Chris Green: At a recent meeting, it was highlighted that different regions within Germany will have a Minister for science or innovation. If we go through this devolution process, perhaps Greater Manchester will have someone specialising in it and therefore you would have yet another route in, so we have to look at access.

 

Q308   Chair: Mr Ross, I was interested in your comment that you had done an analysis to find out the good acronyms and the dodgy ones—the ones that just act as gatekeepers or barriers. We are quite interested in this. I am very upset by Professor Dowling’s diagram, which I have somewhere in my pile of papers, that looks like a spider’s web of different organisations in the innovation landscape. Would you like to name and shame some acronyms which are troublesome for you?

Bernard Ross: Am I allowed to do what the Minister did and say I do not want to prejudice your inquiry?

 

Q309   Chair: Or that now would not be an appropriate time to comment. No. You can write to us afterwards if you like, but it is in the public domain.

Bernard Ross: I would not mind doing that.

 

Q310   Victoria Borwick: Do you have any particular grounds for believing that the funds available from Innovate are sufficient or insufficient to make the most of the assets created?

Dr Beasley: From a large business perspective, we are very interested in the challenge-based funding calls. I think they have been very successful, so increased funding in that area would be very welcome.

 

Q311   Victoria Borwick: It is a very welcome point. Does anybody else have any views on that? Dr Beasley, do you want to say a bit more?

Dr Beasley: We have used that very successfully to attract funding from headquarters. It has the benefit of lowering the threshold of interest for additional funding from industry. It also gives the opportunity to seek out start-up businesses to bring them into those sorts of development programmes. I mentioned before that we have university partners. We try to work with our university partners to utilise the system and draw the initial concept development worked up at the university through the valley of death into something that could be a product.

 

Q312   Victoria Borwick: Do you have a view as to possible further activities you might pursue if more funding was available?

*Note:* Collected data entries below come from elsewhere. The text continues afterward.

definition micro_reversible :: "nat \<Rightarrow> (nat \<Rightarrow> nat \<Rightarrow> real) \<Rightarrow> (nat \<Rightarrow> real) \<Rightarrow> (nat \<Rightarrow> real) \<Rightarrow> bool" where
  "micro_reversible m Mt w z \<longleftrightarrow> (\<forall>i<m. \<forall>j<m. w i * Mt i j * z j = w j * Mt j i * z i)"

definition Qkernel :: "(nat \<Rightarrow> nat \<Rightarrow> real) \<Rightarrow> real \<Rightarrow> (nat \<Rightarrow> real) \<Rightarrow> nat \<Rightarrow> nat \<Rightarrow> real" where
  "Qkernel Mt \<mu> w = (\<lambda>i j. Mt j i * w j / (\<mu> * w i))"

definition statdist :: "(nat \<Rightarrow> real) \<Rightarrow> (nat \<Rightarrow> real) \<Rightarrow> nat \<Rightarrow> real" where
  "statdist w z = (\<lambda>i. w i * z i)"

definition logmean :: "real \<Rightarrow> real \<Rightarrow> real" where
  "logmean x y = (if x = y then x else (x - y) / (ln x - ln y))"

definition G_phi :: "(real \<Rightarrow> real) \<Rightarrow> nat \<Rightarrow> (nat \<Rightarrow> real) \<Rightarrow> (nat \<Rightarrow> real) \<Rightarrow> real" where
  "G_phi \<phi> m \<pi> Q = (\<Sum>i<m. \<phi> (Q i) * \<pi> i)"

definition is_Qsol :: "nat \<Rightarrow> (nat \<Rightarrow> nat \<Rightarrow> real) \<Rightarrow> (nat \<Rightarrow> real) \<Rightarrow> (real \<Rightarrow> nat \<Rightarrow> real) \<Rightarrow> bool" where
  "is_Qsol m K \<pi> Q \<longleftrightarrow>
     (\<forall>t\<ge>0. \<forall>i<m. ((\<lambda>s. Q s i) has_real_derivative ((\<Sum>j<m. K i j * Q t j) - Q t i)) (at t within {0..})) \<and>
     (\<forall>t\<ge>0. (\<forall>i<m. 0 \<le> Q t i * \<pi> i) \<and> (\<Sum>i<m. Q t i * \<pi> i) = 1)"

definition dissip :: "(real \<Rightarrow> real) \<Rightarrow> nat \<Rightarrow> (nat \<Rightarrow> nat \<Rightarrow> real) \<Rightarrow> (nat \<Rightarrow> real) \<Rightarrow> (nat \<Rightarrow> real) \<Rightarrow> real" where
  "dissip \<phi> m K \<pi> Q = - (1/2) * (\<Sum>i<m. \<Sum>j<m. K i j * logmean (Q i) (Q j) *
       (deriv \<phi> (Q j) - deriv \<phi> (Q i)) * (ln (Q j) - ln (Q i)) * \<pi> i)"

end

theory Submission
  imports Defs
begin

text \<open>Detailed balance \<open>\<pi> i * K i j = \<pi> j * K j i\<close> turns the derivative
  \<open>\<Sum>i. \<phi>'(Q i) * ((K Q) i - Q i) * \<pi> i\<close> of \<open>G_phi\<close> along the flow into the Dirichlet form
  \<open>-1/2 * \<Sum>i j. \<pi> i * K i j * (\<phi>'(Q j) - \<phi>'(Q i)) * (Q j - Q i)\<close>. Since
  \<open>logmean (Q i) (Q j) * (ln (Q j) - ln (Q i)) = Q j - Q i\<close> this is the stated dissipation, and it
  is nonpositive because \<open>\<phi>'\<close> is monotone. The logarithms make sense because irreducibility keeps
  every coordinate of \<open>Q t\<close> positive for \<open>t > 0\<close>. For strongly convex \<open>\<phi>\<close>, the normalisation
  \<open>\<Sum>i. Q i * \<pi> i = 1\<close> confines \<open>Q t\<close> to the box \<open>Q i \<le> 1 / \<pi> i\<close>, on which each Dirichlet-form
  term is at least \<open>c * (Q j - Q i)\<^sup>2\<close>; Jensen then compares the sum with the \<open>\<pi>\<close>-norm of
  \<open>(K - I) Q\<close>. Finally \<open>\<phi> x \<ge> x - 1\<close> gives \<open>G_phi \<ge> \<Sum>i. (Q i - 1) * \<pi> i = 0\<close>.\<close>

lemma logmean_mult_ln_diff:
  assumes "0 < x" "0 < y"
  shows "logmean x y * (ln y - ln x) = y - x"
proof (cases "x = y")
  case False
  then have "ln x - ln y \<noteq> 0" using assms by simp
  then show ?thesis using False unfolding logmean_def by (simp add: field_simps)
qed (simp add: logmean_def)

Dr Beasley: Siemens is a very broad business. Certainly, a lot of our business overlaps with the eight great technologies, so there is a lot of coincidence there to fund research in energy and transport systems. There is a whole range of things we could start to do, not just at a small scale. Many of the challenges going forward will be cross-subject areas—cross-theme areas. The recent internet of things call was very interesting for us. It was a shame that we were given only three months to bid for a £10 million programme, which is crazy. It can take you that long to get the contract in place in order to take it forward. The hope is that some of the larger themes can be drawn into that, and a little more time to put in some of these larger programmes, maybe with better quality bids as well, could be advantageous.

 

Q313   Victoria Borwick: Does anybody want to add anything on Innovate UK?

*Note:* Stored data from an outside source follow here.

section \<open>The mean increment F\<close>

locale monotone_lipschitz_functional =
  fixes S :: "'m::polish_space multiset \<Rightarrow> real" and K :: real
  assumes S_empty: "S {#} = 0"
    and S_mono: "\<And>g h. S g \<le> S (g + h)"
    and S_lipschitz: "\<And>g h. \<bar>S g - S h\<bar> \<le> K * was_dist g h"
    and K_nonneg: "0 \<le> K"
begin

definition increment :: "'m \<Rightarrow> 'm multiset \<Rightarrow> real" where
  "increment x X = S (X + {#x#}) - S X"

lemma F_fun_eq: "F_fun S \<pi> x = poisson_expectation \<pi> (increment x)"
  unfolding F_fun_def increment_def ..

lemma abs_S_diff_le: "was_dist g h \<le> D \<Longrightarrow> \<bar>S g - S h\<bar> \<le> K * D"
  using S_lipschitz[of g h] mult_left_mono[OF _ K_nonneg, of "was_dist g h" D] by linarith

lemma increment_nonneg: "0 \<le> increment x X"
  unfolding increment_def using S_mono[of X "{#x#}"] by simp

lemma abs_increment_le: "\<bar>increment x X\<bar> \<le> K"
  unfolding increment_def using abs_S_diff_le[OF was_dist_add_single_le] by simp

lemma abs_increment_diff_le: "\<bar>increment x X - increment x' X\<bar> \<le> K * dist x x'"
  unfolding increment_def using abs_S_diff_le[OF was_dist_add_singles_le] by simp

lemma mset_measurable_increment:
  assumes "sets \<pi> = sets borel"
  shows "mset_measurable \<pi> (increment x)"
proof (rule mset_measurable_if_lipschitz[OF assms, where L = "2 * K"])
  fix n and y z :: "nat \<Rightarrow> 'm"
  have "\<bar>S (mset (map y [0..<n]) + g) - S (mset (map z [0..<n]) + g)\<bar> \<le> K * (\<Sum>i<n. dist (y i) (z i))" for g
    by (rule abs_S_diff_le[OF was_dist_mset_map_le])
  from this[of "{#x#}"] this[of "{#}"]
  show "\<bar>increment x (mset (map y [0..<n])) - increment x (mset (map z [0..<n]))\<bar>
      \<le> 2 * K * (\<Sum>i<n. dist (y i) (z i))"
    unfolding increment_def by simp
qed
lemma distance_bounds_from_levels:
  fixes p d x :: real and k n :: nat
  assumes "2 \<le> p"
    and upper: "x \<le> real k - real n + p ^ (2 * n) * d"
    and lower: "0 \<le> d \<Longrightarrow> \<exists>m\<le>k. real k - real m + p ^ (2 * m) * d \<le> x"
    and large: "real k - real n + 1 / (p^2 - 1) < x"
  shows "1 / (p ^ (2 * n) * (p^2 - 1)) < d"
    and "x \<le> real k - real n + 1 + 1 / (p^2 - 1) \<Longrightarrow> d = (x - (real k - real n)) / p ^ (2 * n)"
proof -
  have pos: "0 < p ^ (2 * n)" "0 < p^2 - 1"
    using \<open>2 \<le> p\<close> by (simp_all add: less_1_mult power2_eq_square)
  have "1 / (p^2 - 1) < p ^ (2 * n) * d"
    using upper large by simp
  then have slope: "1 < p ^ (2 * n) * (p^2 - 1) * d"
    using pos by (simp add: field_simps)
  then show "1 / (p ^ (2 * n) * (p^2 - 1)) < d"
    using pos by (simp add: field_simps)
  then have "0 \<le> d"
    using pos by (smt (verit) divide_pos_pos mult_pos_pos)
  then obtain m where "real k - real m + p ^ (2 * m) * d \<le> x"
    using lower by blast
  moreover assume "x \<le> real k - real n + 1 + 1 / (p^2 - 1)"
  ultimately have "x - real k = p ^ (2 * n) * d - real n"
    using newton_level_eq[OF \<open>2 \<le> p\<close> _ _ slope, of "x - real k" m] upper by simp
  then show "d = (x - (real k - real n)) / p ^ (2 * n)"
    using \<open>2 \<le> p\<close> by (simp add: eq_divide_eq algebra_simps)
qed

theorem mainTheorem17:
  fixes p k e n :: nat and v :: "'a::field_char_0 \<Rightarrow> ereal"
    and \<beta> \<pi> a \<gamma> :: 'a
  assumes "prime p" and "p > 3"
    and "e \<in> {3, 4, 6}" and "e dvd p + 1"
    and "k \<ge> 1"
    and "is_Cp_model p v"
    and "\<pi> ^ e = - of_nat p"
    and "\<beta> \<in> Qp_set v" and "v \<beta> \<ge> 0"
    and "n \<le> k"
    and "g_poly_fun p k \<beta> \<pi> \<gamma> = 0"
    and "\<forall>\<delta>. g_poly_fun p k \<beta> \<pi> \<delta> = 0 \<longrightarrow> v (a - \<delta>) \<le> v (a - \<gamma>)"
    and "v (g_poly_fun p k \<beta> \<pi> a) > ereal (real k - real n + 1 / (real p ^ 2 - 1))"
  shows "v (a - \<gamma>) > ereal (1 / (real p ^ (2*n) * (real p ^ 2 - 1))) \<and>
         (v (g_poly_fun p k \<beta> \<pi> a) \<le> ereal (real k - real n + 1 + 1 / (real p ^ 2 - 1)) \<longrightarrow>
         v (a - \<gamma>) = ereal (1 / real p ^ (2*n)) * (v (g_poly_fun p k \<beta> \<pi> a) - ereal (real k - real n)))"
proof -
  interpret valued_field v
    using assms(6) unfolding is_Cp_model_def by unfold_locales blast
  have vp: "v (of_nat p) = 1" and alg_closed: "\<forall>q::'a poly. 0 < degree q \<longrightarrow> (\<exists>x. poly q x = 0)"
    using assms(6) unfolding is_Cp_model_def by blast+
  have "0 \<le> v \<pi>"
    using v_nonneg_of_power_nonneg[of e \<pi>] assms(3,7) vp by auto
  with assms(9) have vb: "0 \<le> v (\<beta> * \<pi>^2)"
    by (simp add: v_mult v_power)
  show ?thesis
  proof (cases "a = \<gamma>")
    case True
    then show ?thesis
      using assms(11) by simp
  next
    case False
    then obtain d where d: "v (a - \<gamma>) = ereal d"
      using v_finite[of "a - \<gamma>"] by auto
    note levels = v_g_near_closest_root[OF alg_closed assms(1) vp vb assms(11,12) d]
    obtain x where x: "v (g_poly_fun p k \<beta> \<pi> a) = ereal x"
      using levels(1)[of 0] assms(13) by (cases "v (g_poly_fun p k \<beta> \<pi> a)") auto
    have "2 \<le> real p"
      using assms(2) by simp
    note distance = distance_bounds_from_levels[OF this, of x k n d]
    show ?thesis
      using distance levels x d assms(10,13) by simp
  qed
qed

end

James Bromley: I don’t think so. There is an ongoing challenge with the different sizes of business trying to access these funds. When Paul said it could take three months to get a contract run, I thought that a company could be born and die in that period, on the small side. I do not know whether there is an easy answer to that, but it is definitely not one size fits all.

 

Q314   Victoria Borwick: What about the National Physical Laboratory? Does anybody have any views on funding from that? How important is it to you?

James Bromley: No.

Dr Beasley: No.

 

Q315   Victoria Borwick: If more resources are needed to cross the valley of death between inspiration and commercialisation, who should be providing them? What resources do you think would be needed to help that link through industry or Government?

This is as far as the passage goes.